Informants are used by police to tackle serious and organised crime and Staffordshire Police say the information is often ‘invaluable’ when tackling organised crime.

But local policing representatives said they needed more information about the effectiveness of the spending to understand its benefits.

Chairman of Staffordshire Police, Fire and Crime Panel, and East Staffordshire borough councillor, Bernard Peters said: “We need more context around it, don’t we? What have been the benefits, I don’t know what the benefits have been.

“I haven’t seen the article, you know how many convictions, how many crimes have been prevented.”

Responding to a Freedom of Information request, police refused to say the number of informants it had paid in the three-year period, and what was the largest payment it made to a source.

However, it is understood that informants can be paid anything between £20 and £15,000 for information leading to successful arrests.

Payments to informants have been a source of controversy in the past. In 2020, it was revealed that forces across the UK had paid informants more than £13 million in five years.

Speaking at the time, Neil Woods, a former undercover police officer and now a board member of Law Enforcement Action Partnership, questioned the technique.

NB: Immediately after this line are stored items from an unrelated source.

lemma spec_norm_gain_closed_loop:
  assumes "t \<ge> 1"
  shows "spec_norm (A - L_seq t ** C) \<le> kappa * gamma"
proof -
  have "a0 * (norm (transpose (A - L_seq t ** C) *v x))\<^sup>2 \<le> (sb - a0) * (norm x)\<^sup>2" for x
    using Sigma_seq_lower[OF assms, of "transpose (A - L_seq t ** C) *v x"]
      Sigma_seq_next_quadratic[of t x] Sigma_seq_le[where t="Suc t" and x=x] Sig_upper[of x] W_lower[of x]
    by (simp add: algebra_simps)
  then have "spec_norm (transpose (A - L_seq t ** C)) \<le> sqrt ((sb - a0) / a0)"
    by (rule spec_norm_le_sqrt_of_quadratic) (use a0_pos a0_le_sb in simp_all)
  also have "sqrt ((sb - a0) / a0) = kappa * sqrt (1 - a0 / sb)"
    using a0_pos sb_pos by (simp add: real_sqrt_mult[symmetric] field_simps)
  also have "\<dots> \<le> kappa * gamma"
    using kappa_pos sqrt_contraction_le_gamma by simp
  finally show ?thesis by (simp add: spec_norm_transpose)
qed
lemma word_value_not_balanced:
  assumes "length ts = length us" "\<not> balanced ts"
  shows "word_value ts us = 0"
proof (cases "admissible ts")
  case True
  then obtain c w where cw: "ops_apply (word_ops ts us) vac = [(c, w)]" "int (length w) = height ts"
    using ops_apply_vac_admissible[OF assms(1)] by blast
  with True assms(2) have "w \<noteq> []"
    by (auto simp: balanced_def)
  with cw(1) show ?thesis
    by (simp add: word_value_def vacuum_state_eq_lin_ext vacuum_coeff_def balanced_def)
next
  case False
  then show ?thesis
    by (simp add: word_value_def vacuum_state_eq_lin_ext ops_apply_vac_not_admissible[OF assms(1)])
qed

lemma word_value_append:
  assumes "length ts = length us" "length ts' = length us'" "balanced ts'"
  shows "word_value (ts @ ts') (us @ us') = word_value ts us * word_value ts' us'"
proof -
  obtain c w where cw: "ops_apply (word_ops ts' us') vac = [(c, w)]" "int (length w) = height ts'"
    using ops_apply_vac_admissible[OF assms(2)] assms(3) by (auto simp: balanced_def)
  then have vac_eigen: "ops_apply (word_ops ts' us') vac = map (\<lambda>q. (c * fst q, snd q)) vac"
    using assms(3) by (simp add: balanced_def vac_def)
  then have "word_value ts' us' = c"
    by (simp add: word_value_def vacuum_state_eq_lin_ext vac_def vacuum_coeff_def)
  moreover have "ops_apply (word_ops (ts @ ts') (us @ us')) vac =
      map (\<lambda>q. (c * fst q, snd q)) (ops_apply (word_ops ts us) vac)"
    using assms(1) vac_eigen by (simp add: ops_apply_append ops_apply_scale del: list.map)
  ultimately show ?thesis
    by (simp add: word_value_def vacuum_state_eq_lin_ext lin_ext_scale)
qed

He said: “If you arrest a drug dealer on the information of an informant, you remove a drug dealer, all it does is create an opportunity for another drug dealer. Crime doesn’t reduce.”

In a statement, Staffordshire Police said: “The use and recruitment of informants is a legitimate and closely regulated police tactic, particularly in cases involving serious and organised crime and other offences that pose a serious risk of harm and financial loss to the public.

"Many of these investigations rely on the use of information from informants and it is often invaluable when tackling organised criminality.

“The use of informants by the police is well known nationally and is governed by the Regulation of Investigatory Powers Act, 2000.

"We must stress that there is a very strict process in place to ensure that this incredibly sensitive area of policing is carefully managed and extreme care is taken to ensure that informants are only used when deemed absolutely necessary in the prevention and detection of crime.”